**PROBLEM DESCRIPTION**. Below are entries. Copy exactly the lines running from the line that holds "set \<Rightarrow> 's list" to the line that holds "text \<open>Probability, started", with both ends included.

=== Begin Enclosure ===

(* Let $T=0$, let $\epsilon>0$ be admissible, and let $\mathbf X^{(\epsilon)}(t)=(X_0(t),\dots,X_{n_\epsilon-1}(t))$ be the continuous-time Markov chain on $\mathbb N^{n_\epsilon}$ defined in the context. If $$\lambda<\frac{C}{L\ln(2)\int_{\mathbf S} l_\epsilon(x,0)\,dx}=\frac{C}{L\ln(2)\,\epsilon^2\sum_{k=0}^{n_\epsilon-1}l_\epsilon(a_k,0)},$$ then $\mathbf X^{(\epsilon)}(t)$ is ergodic (positive recurrent).
   Context: Setting ($T=0$). $\mathbf S=[-Q,Q]^2$ with opposite edges identified (flat torus), torus distance $\|\cdot\|$. Path-loss $l:[0,\infty)\to[0,\infty)$ bounded, non-increasing, $l(0)=1$; noise $\mathcal N_0>0$; constants $C>0$, $L>0$, $\lambda>0$. Discretization: $\epsilon>0$ is admissible if $2Q/\epsilon$ is an integer; tessellate $\mathbf S$ into $n_\epsilon=(2Q/\epsilon)^2$ squares $A_0,\dots,A_{n_\epsilon-1}$ of side $\epsilon$ with centers $a_i$ and $a_0=0$. Define $l_\epsilon(a_i,a_j)=\sup\{l(\|b-b'\|): b\in\overline{A_i},\,b'\in\overline{A_j}\}$ and, for $x\in A_i$, $y\in A_j$, $l_\epsilon(x,y)=l_\epsilon(a_i,a_j)$. The chain $\mathbf X^{(\epsilon)}$ on $\mathbb N^{n_\epsilon}$ (the cell-count process of the discretized birth–death dynamics) has transitions: for each $i$, $X_i\to X_i+1$ at rate $\lambda\epsilon^2$, and $X_i\to X_i-1$ at rate $\frac{C}{L}X_i\log_2\!\Big(1+\frac{1}{\mathcal N_0+\sum_{j=0}^{n_\epsilon-1}(X_j-\mathbf 1\{j=i\})\,l_\epsilon(a_i,a_j)}\Big)$. *)

theory Defs
  imports "HOL-Analysis.Analysis"
begin

text \<open>A chain is given by its off-diagonal rates q x y (x \<noteq> y) on a state set S.\<close>

definition out_rate :: "('s \<Rightarrow> 's \<Rightarrow> real) \<Rightarrow> 's set \<Rightarrow> 's \<Rightarrow> ennreal" where
  "out_rate q S x = (\<integral>\<^sup>+ y. ennreal (q x y) \<partial>count_space (S - {x}))"

definition jump_prob :: "('s \<Rightarrow> 's \<Rightarrow> real) \<Rightarrow> 's set \<Rightarrow> 's \<Rightarrow> 's \<Rightarrow> ennreal" where
  "jump_prob q S x y =
     (if x \<in> S \<and> y \<in> S \<and> y \<noteq> x then ennreal (q x y) / out_rate q S x else 0)"

definition path_prob :: "('s \<Rightarrow> 's \<Rightarrow> real) \<Rightarrow> 's set \<Rightarrow> 's list \<Rightarrow> ennreal" where
  "path_prob q S xs = (\<Prod>i<length xs - 1. jump_prob q S (xs ! i) (xs ! Suc i))"

definition excursions :: "'s set \<Rightarrow> 's \<Rightarrow> 's list set" where
  "excursions S x = {ys. set ys \<subseteq> S - {x}}"

text \<open>Probability, started in x, that the chain ever returns to x after its first jump.\<close>
definition return_prob :: "('s \<Rightarrow> 's \<Rightarrow> real) \<Rightarrow> 's set \<Rightarrow> 's \<Rightarrow> ennreal" where
  "return_prob q S x =
     (\<integral>\<^sup>+ ys. path_prob q S (x # ys @ [x]) \<partial>count_space (excursions S x))"

text \<open>Expected return time E_x[T_x; T_x < \<infinity>]: along a returning jump path x, y1, ..., yk, x
  the holding times are independent exponentials with means 1/q(x), 1/q(y1), ..., 1/q(yk).\<close>
definition mean_return_time :: "('s \<Rightarrow> 's \<Rightarrow> real) \<Rightarrow> 's set \<Rightarrow> 's \<Rightarrow> ennreal" where
  "mean_return_time q S x =
     (\<integral>\<^sup>+ ys. path_prob q S (x # ys @ [x]) * (\<Sum>z\<leftarrow>x # ys. 1 / out_rate q S z)
        \<partial>count_space (excursions S x))"

text \<open>Positive recurrence (Norris): q_x = 0, or E_x[T_x] < \<infinity> (where T_x = \<infinity> on non-return).\<close>
definition ctmc_positive_recurrent :: "('s \<Rightarrow> 's \<Rightarrow> real) \<Rightarrow> 's set \<Rightarrow> 's \<Rightarrow> bool" where
  "ctmc_positive_recurrent q S x \<longleftrightarrow>
     out_rate q S x = 0 \<or> (return_prob q S x = 1 \<and> mean_return_time q S x < \<infinity>)"

definition ctmc_irreducible :: "('s \<Rightarrow> 's \<Rightarrow> real) \<Rightarrow> 's set \<Rightarrow> bool" where
  "ctmc_irreducible q S \<longleftrightarrow>
     (\<forall>x\<in>S. \<forall>y\<in>S. (x, y) \<in> {(a, b). a \<in> S \<and> b \<in> S \<and> a \<noteq> b \<and> q a b > 0}\<^sup>*)"

definition ctmc_ergodic :: "('s \<Rightarrow> 's \<Rightarrow> real) \<Rightarrow> 's set \<Rightarrow> bool" where
  "ctmc_ergodic q S \<longleftrightarrow> ctmc_irreducible q S \<and> (\<forall>x\<in>S. ctmc_positive_recurrent q S x)"

definition tdist1 :: "real \<Rightarrow> real \<Rightarrow> real" where
  "tdist1 Q u = Inf (range (\<lambda>k::int. \<bar>u - 2 * Q * of_int k\<bar>))"

definition torus_dist :: "real \<Rightarrow> real \<times> real \<Rightarrow> real \<times> real \<Rightarrow> real" where
  "torus_dist Q b b' = sqrt ((tdist1 Q (fst b - fst b'))\<^sup>2 + (tdist1 Q (snd b - snd b'))\<^sup>2)"

text \<open>Center a_i of cell i (i < m^2, m = 2Q/eps); a_0 = 0. Points of the torus are represented
  by points of R^2 modulo 2Q in each coordinate.\<close>
definition cell_center :: "real \<Rightarrow> nat \<Rightarrow> nat \<Rightarrow> real \<times> real" where
  "cell_center eps m i = (eps * real (i mod m), eps * real (i div m))"

definition cell_closure :: "real \<Rightarrow> real \<times> real \<Rightarrow> (real \<times> real) set" where
  "cell_closure eps a = {b. \<bar>fst b - fst a\<bar> \<le> eps / 2 \<and> \<bar>snd b - snd a\<bar> \<le> eps / 2}"

definition l_eps :: "(real \<Rightarrow> real) \<Rightarrow> real \<Rightarrow> real \<Rightarrow> real \<times> real \<Rightarrow> real \<times> real \<Rightarrow> real" where
  "l_eps l Q eps a a' =
     Sup {l (torus_dist Q b b') | b b'. b \<in> cell_closure eps a \<and> b' \<in> cell_closure eps a'}"

definition death_rate ::
  "(real \<Rightarrow> real) \<Rightarrow> real \<Rightarrow> real \<Rightarrow> nat \<Rightarrow> real \<Rightarrow> real \<Rightarrow> real \<Rightarrow> nat list \<Rightarrow> nat \<Rightarrow> real" where
  "death_rate l Q eps m C L N0 x i =
     C / L * real (x ! i) *
     log 2 (1 + 1 / (N0 + (\<Sum>j<m\<^sup>2. (real (x ! j) - (if j = i then 1 else 0)) *
                         l_eps l Q eps (cell_center eps m i) (cell_center eps m j))))"

definition disc_rate ::
  "(real \<Rightarrow> real) \<Rightarrow> real \<Rightarrow> real \<Rightarrow> nat \<Rightarrow> real \<Rightarrow> real \<Rightarrow> real \<Rightarrow> real \<Rightarrow> nat list \<Rightarrow> nat list \<Rightarrow> real" where
  "disc_rate l Q eps m lam C L N0 x y =
     (\<Sum>i<m\<^sup>2. (if y = x[i := x ! i + 1] then lam * eps\<^sup>2 else 0)) +
     (\<Sum>i<m\<^sup>2. (if 0 < x ! i \<and> y = x[i := x ! i - 1] then death_rate l Q eps m C L N0 x i else 0))"

definition disc_states :: "nat \<Rightarrow> nat list set" where
  "disc_states m = {x. length x = m\<^sup>2}"

end

theory Submission
  imports Defs
begin

text \<open>
  The chain is irreducible: deaths lead from every configuration to the empty one and births
  lead back. Positive recurrence follows from Foster's criterion for the embedded jump chain,
  with the interference energy Phi(x) = 1/2 sum_{i,j} x_i x_j l_eps(a_i, a_j) as Lyapunov
  function. A birth in cell i raises Phi by I_i + 1/2 and a death lowers it by I_i - 1/2, where
  I_i = sum_j x_j l_eps(a_i, a_j) is the interference seen in cell i. Since
  ln(1 + 1/D) >= 1/(D + 1), the death rate in cell i is at least c x_i / (N0 + I_i) with
  c = C / (L ln 2), so deaths lower Phi at rate at least c x_i - c (N0 + 1/2). By translation
  invariance on the torus every column of l_eps(a_i, a_j) sums to S0 = sum_k l_eps(a_k, 0), so
  births raise Phi at rate at most lambda eps^2 S0 sum_i x_i plus a constant. The drift of Phi
  is therefore at most a constant minus (c - lambda eps^2 S0) sum_i x_i, which is below -1
  outside a finite set as soon as lambda eps^2 S0 < c; this is the hypothesis of the theorem.
\<close>

section \<open>Kernels on countable sets\<close>

definition kernel_op :: "('s \<Rightarrow> 's \<Rightarrow> ennreal) \<Rightarrow> 's set \<Rightarrow> ('s \<Rightarrow> ennreal) \<Rightarrow> 's \<Rightarrow> ennreal" where
  "kernel_op p A g z = (\<integral>\<^sup>+ y. p z y * g y \<partial>count_space A)"

lemma kernel_op_mono:
  assumes "\<And>y. y \<in> A \<Longrightarrow> f y \<le> g y"
  shows "kernel_op p A f z \<le> kernel_op p A g z"
  unfolding kernel_op_def by (rule nn_integral_mono) (auto intro: mult_left_mono assms)

lemma kernel_op_mono_set: "A \<subseteq> B \<Longrightarrow> kernel_op p A f z \<le> kernel_op p B f z"
  unfolding kernel_op_def
  by (subst (1 2) nn_integral_count_space_indicator)
     (auto intro!: nn_integral_mono simp: indicator_def)

lemma kernel_op_add: "kernel_op p A (\<lambda>y. f y + g y) z = kernel_op p A f z + kernel_op p A g z"
  unfolding kernel_op_def by (simp add: distrib_left nn_integral_add)

lemma kernel_op_cmult: "kernel_op p A (\<lambda>y. c * f y) z = c * kernel_op p A f z"
  unfolding kernel_op_def by (simp add: nn_integral_cmult[symmetric] mult.left_commute)

lemma kernel_op_sum: "kernel_op p A (\<lambda>y. \<Sum>i\<in>I. f i y) z = (\<Sum>i\<in>I. kernel_op p A (f i) z)"
  unfolding kernel_op_def by (simp add: sum_distrib_left nn_integral_sum)

lemma kernel_op_power_mono:
  assumes "\<And>y. y \<in> S \<Longrightarrow> f y \<le> g y" "A \<subseteq> S" "z \<in> S"
  shows "(kernel_op p A ^^ n) f z \<le> (kernel_op p A ^^ n) g z"
  using assms(3)
proof (induction n arbitrary: z)
  case 0
  then show ?case using assms(1) by simp
next
  case (Suc n)
  then show ?case using assms(2) by (auto intro!: kernel_op_mono)
qed

lemma kernel_op_power_add:
  "(kernel_op p A ^^ n) (\<lambda>y. f y + g y) z = (kernel_op p A ^^ n) f z + (kernel_op p A ^^ n) g z"
proof (induction n arbitrary: z)
  case (Suc n)
  then have "(kernel_op p A ^^ n) (\<lambda>y. f y + g y)
      = (\<lambda>y. (kernel_op p A ^^ n) f y + (kernel_op p A ^^ n) g y)"
    by auto
  then show ?case by (simp add: kernel_op_add)
qed simp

=== End Enclosure ===

**EXERCISE OUTPUT**.
definition path_prob :: "('s \<Rightarrow> 's \<Rightarrow> real) \<Rightarrow> 's set \<Rightarrow> 's list \<Rightarrow> ennreal" where
  "path_prob q S xs = (\<Prod>i<length xs - 1. jump_prob q S (xs ! i) (xs ! Suc i))"

definition excursions :: "'s set \<Rightarrow> 's \<Rightarrow> 's list set" where
  "excursions S x = {ys. set ys \<subseteq> S - {x}}"

text \<open>Probability, started in x, that the chain ever returns to x after its first jump.\<close>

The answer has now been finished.